Lloyd Edwards

Personal information
- Full name: Richard Lloyd Edwards
- Born: 25 June 1883 Rockhampton, Queensland, Australia
- Died: 28 January 1938 (aged 54)

Playing information
- Position: Wing, Five-eighth, Halfback, Centre
Club
| Years | Team | Pld | T | G | FG | P |
| 1908 | Glebe | 9 | 1 | 0 | 0 | 3 |
| 1909–10 | Balmain | 21 | 2 | 0 | 0 | 6 |
|  | Total | 30 | 3 | 0 | 0 | 9 |
Representative
| Years | Team | Pld | T | G | FG | P |
| 1909 | New South Wales | 1 | 0 | 0 | 0 | 0 |
- Source: As of 15 February 2019

= Lloyd Edwards =

Australian rugby league footballer

Lloyd Edwards was an Australian rugby league footballer who played in the 1900s and 1910s.
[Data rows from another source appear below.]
lemma orthonormal_on_proper_subset_imp_orthogonal_vector:
  fixes v :: "'n::finite \<Rightarrow> complex^'n"
  assumes orth: "orthonormal_on I v" and I: "I \<noteq> UNIV"
  shows "\<exists>y. y \<noteq> 0 \<and> (\<forall>i\<in>I. cinner (v i) y = 0)"
proof (rule ccontr)
  assume no_orthogonal: "\<not> ?thesis"
  have expand: "x = (\<Sum>i\<in>I. cinner (v i) x *s v i)" for x
  proof -
    let ?y = "x - (\<Sum>i\<in>I. cinner (v i) x *s v i)"
    have "cinner (v k) ?y = 0" if k: "k \<in> I" for k
    proof -
      have "cinner (v k) (\<Sum>i\<in>I. cinner (v i) x *s v i)
          = (\<Sum>i\<in>I. cinner (v i) x * (if k = i then 1 else 0))"
        using k orth by (simp add: orthonormal_on_def cinner_sum_right cinner_scale_right)
      also have "\<dots> = cinner (v k) x" using k by (simp add: if_distrib sum.delta cong: if_cong)
      finally show ?thesis by (simp add: cinner_diff_right)
    qed
    hence "?y = 0" using no_orthogonal by blast
    thus ?thesis by simp
  qed
  have coordinate: "1 = (\<Sum>i\<in>I. cnj (v i $ m) * v i $ m)" for m
    using arg_cong[OF expand[of "axis m 1"], of "\<lambda>x. x $ m"] by (simp add: cinner_axis_right)
  have "(of_nat CARD('n) :: complex) = (\<Sum>m\<in>UNIV. \<Sum>i\<in>I. cnj (v i $ m) * v i $ m)"
    using coordinate by simp
  also have "\<dots> = (\<Sum>i\<in>I. cinner (v i) (v i))" by (subst sum.swap) (simp add: cinner_def)
  also have "\<dots> = of_nat (card I)" using orth by (simp add: orthonormal_on_def)
  finally have "CARD('n) = card I" by (simp only: of_nat_eq_iff)
  moreover have "card I < CARD('n)" using I by (intro psubset_card_mono) auto
  ultimately show False by simp
qed

lemma exists_Rayleigh_maximizer:
  fixes A :: "complex^'n::finite^'n"
  assumes closed: "closed W" and scale: "\<And>c x. x \<in> W \<Longrightarrow> c *s x \<in> W"
    and nonzero: "y \<in> W" "y \<noteq> 0"
  shows "\<exists>x\<in>W. norm x = 1 \<and>
           (\<forall>z\<in>W. Re (cinner z (A *v z)) \<le> Re (cinner x (A *v x)) * (norm z)^2)"
proof -
  have normalize: "complex_of_real (1 / norm z) *s z \<in> W \<inter> sphere 0 1"
    if "z \<in> W" "z \<noteq> 0" for z
    using that by (simp add: scale norm_vector_scale norm_divide)
  have "compact (W \<inter> sphere 0 1)" using closed by (simp add: closed_Int_compact)
  moreover have "W \<inter> sphere 0 1 \<noteq> {}" using normalize[OF nonzero] by blast
  ultimately obtain x where x: "x \<in> W \<inter> sphere 0 1"
    and max: "\<And>z. z \<in> W \<inter> sphere 0 1 \<Longrightarrow> Re (cinner z (A *v z)) \<le> Re (cinner x (A *v x))"
    using continuous_attains_sup[OF _ _ continuous_on_Re_qform] by metis
  have "Re (cinner z (A *v z)) \<le> Re (cinner x (A *v x)) * (norm z)^2" if z: "z \<in> W" for z
  proof (cases "z = 0")
    case False
    have "Re (cinner z (A *v z)) / (norm z)^2 \<le> Re (cinner x (A *v x))"
      using max[OF normalize[OF z False]]
      by (simp add: matrix_vector_mult_scale cinner_scale_left cinner_scale_right power2_eq_square)
    thus ?thesis using False by (simp add: field_simps)
  qed simp
  thus ?thesis using x by auto
qed

lemma linear_coeff_eq_0_if_quadratic_nonpos:
  fixes a b :: real
  assumes "\<And>t. t * a + t^2 * b \<le> 0"
  shows "a = 0"
proof (rule ccontr)
  assume a: "a \<noteq> 0"
  define s where "s = 1 / (2 * \<bar>b\<bar> + 2)"
  have s: "s > 0" "s * \<bar>b\<bar> < 1" unfolding s_def by (auto simp: field_simps)
  have "1 + s * b > 0"
    using s mult_left_mono[of "- \<bar>b\<bar>" b s] by linarith
  moreover have "s * a^2 > 0" using s a by simp
  ultimately have "s * a^2 * (1 + s * b) > 0" by simp
  moreover have "(s * a) * a + (s * a)^2 * b \<le> 0" by (rule assms)
  hence "s * a^2 * (1 + s * b) \<le> 0" by (simp add: power2_eq_square algebra_simps)
  ultimately show False by linarith
qed

text \<open>The quadratic form restricted to \<open>W\<close> is critical at \<open>x\<close> in every direction orthogonal
  to \<open>x\<close>; testing the directions \<open>r\<close> and \<open>\<i> r\<close> for \<open>r = A x - \<mu> x \<in> W\<close> forces \<open>r = 0\<close>.\<close>

lemma Rayleigh_maximizer_eigenvector:
  fixes A :: "complex^'n::finite^'n"
  assumes herm: "hermitian A"
    and add: "\<And>x y. x \<in> W \<Longrightarrow> y \<in> W \<Longrightarrow> x + y \<in> W"
    and scale: "\<And>c x. x \<in> W \<Longrightarrow> c *s x \<in> W"
    and invariant: "\<And>x. x \<in> W \<Longrightarrow> A *v x \<in> W"
    and x: "x \<in> W" "norm x = 1"
    and max: "\<And>z. z \<in> W \<Longrightarrow> Re (cinner z (A *v z)) \<le> Re (cinner x (A *v x)) * (norm z)^2"
  shows "A *v x = complex_of_real (Re (cinner x (A *v x))) *s x"
proof -
  define \<mu> where "\<mu> = Re (cinner x (A *v x))"
  have xx: "cinner x x = 1" using x by (simp add: cinner_self)
  have critical: "Re (cinner (A *v x) w) = 0" if w: "w \<in> W" "cinner x w = 0" for w
  proof -
    have wx: "cinner w x = 0" using w cnj_cinner[of x w] by simp
    define a where "a = Re (cinner x (A *v w)) + Re (cinner w (A *v x))"
    define b where "b = Re (cinner w (A *v w)) - \<mu> * (norm w)^2"
    have "t * a + t^2 * b \<le> 0" for t :: real
    proof -
      let ?z = "x + complex_of_real t *s w"
      have "cinner ?z (A *v ?z) = cinner x (A *v x) + complex_of_real t * cinner x (A *v w)
          + complex_of_real t * cinner w (A *v x) + complex_of_real (t^2) * cinner w (A *v w)"
        by (simp add: matrix_vector_right_distrib matrix_vector_mult_scale cinner_add_left
            cinner_add_right cinner_scale_left cinner_scale_right algebra_simps power2_eq_square)
      moreover have "cinner ?z ?z = 1 + complex_of_real (t^2) * cinner w w"
        using xx w(2) wx by (simp add: cinner_add_left cinner_add_right cinner_scale_left
            cinner_scale_right algebra_simps power2_eq_square)
      hence "(norm ?z)^2 = 1 + t^2 * (norm w)^2"
        unfolding cinner_self by (metis of_real_1 of_real_add of_real_mult of_real_eq_iff)
      moreover have "Re (cinner ?z (A *v ?z)) \<le> \<mu> * (norm ?z)^2"
        unfolding \<mu>_def using x w by (intro max add scale)
      ultimately show ?thesis unfolding a_def b_def \<mu>_def by (simp add: algebra_simps)
    qed
    then have "a = 0" by (rule linear_coeff_eq_0_if_quadratic_nonpos)
    moreover have "Re (cinner w (A *v x)) = Re (cinner (A *v x) w)"
      by (metis cnj_cinner cnj.sel(1))
    ultimately show ?thesis using hermitian_cinner_swap[OF herm, of x w] by (simp add: a_def)
  qed
  define r where "r = A *v x - complex_of_real \<mu> *s x"
  have cnj_\<mu>: "cinner x (A *v x) = complex_of_real \<mu>"
    using hermitian_cinner_swap[OF herm, of x x] cnj_cinner[of x "A *v x"]
    by (simp add: \<mu>_def complex_eq_iff)
  have "r = A *v x + (- complex_of_real \<mu>) *s x" by (simp add: r_def vec_eq_iff)
  hence "r \<in> W" using x(1) by (metis add scale invariant)
  moreover have "cinner x r = 0" using xx cnj_\<mu> by (simp add: r_def cinner_diff_right cinner_scale_right)
  ultimately have r: "r \<in> W" "cinner x r = 0" by blast+
  have "Re (cinner (A *v x) r) = 0" using r by (rule critical)
  moreover have "Re (cinner (A *v x) (\<i> *s r)) = 0"
    using r by (intro critical scale) (simp_all add: cinner_scale_right)
  ultimately have "cinner (A *v x) r = 0" by (simp add: cinner_scale_right complex_eq_iff)
  hence "cinner r r = 0" using r(2) by (simp add: r_def cinner_diff_left cinner_scale_left)
  thus ?thesis by (simp add: cinner_self_eq_0_iff r_def \<mu>_def)
qed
He played for Glebe and was a foundation player of the club. Edwards also spent two seasons playing for Balmain.

==Playing career==
Edwards made his first grade debut for Glebe in Round 1 1908 against Newcastle at Wentworth Park.

The match was the club's first ever game and also the opening week of the inaugural NSWRL competition. Glebe won the game 8-5 with Edwards playing on the wing.

In 1909, Edwards joined local rivals Balmain and played 2 seasons with the club.

Edwards also represented New South Wales in 1909 playing in 1 game against Queensland during the interstate series.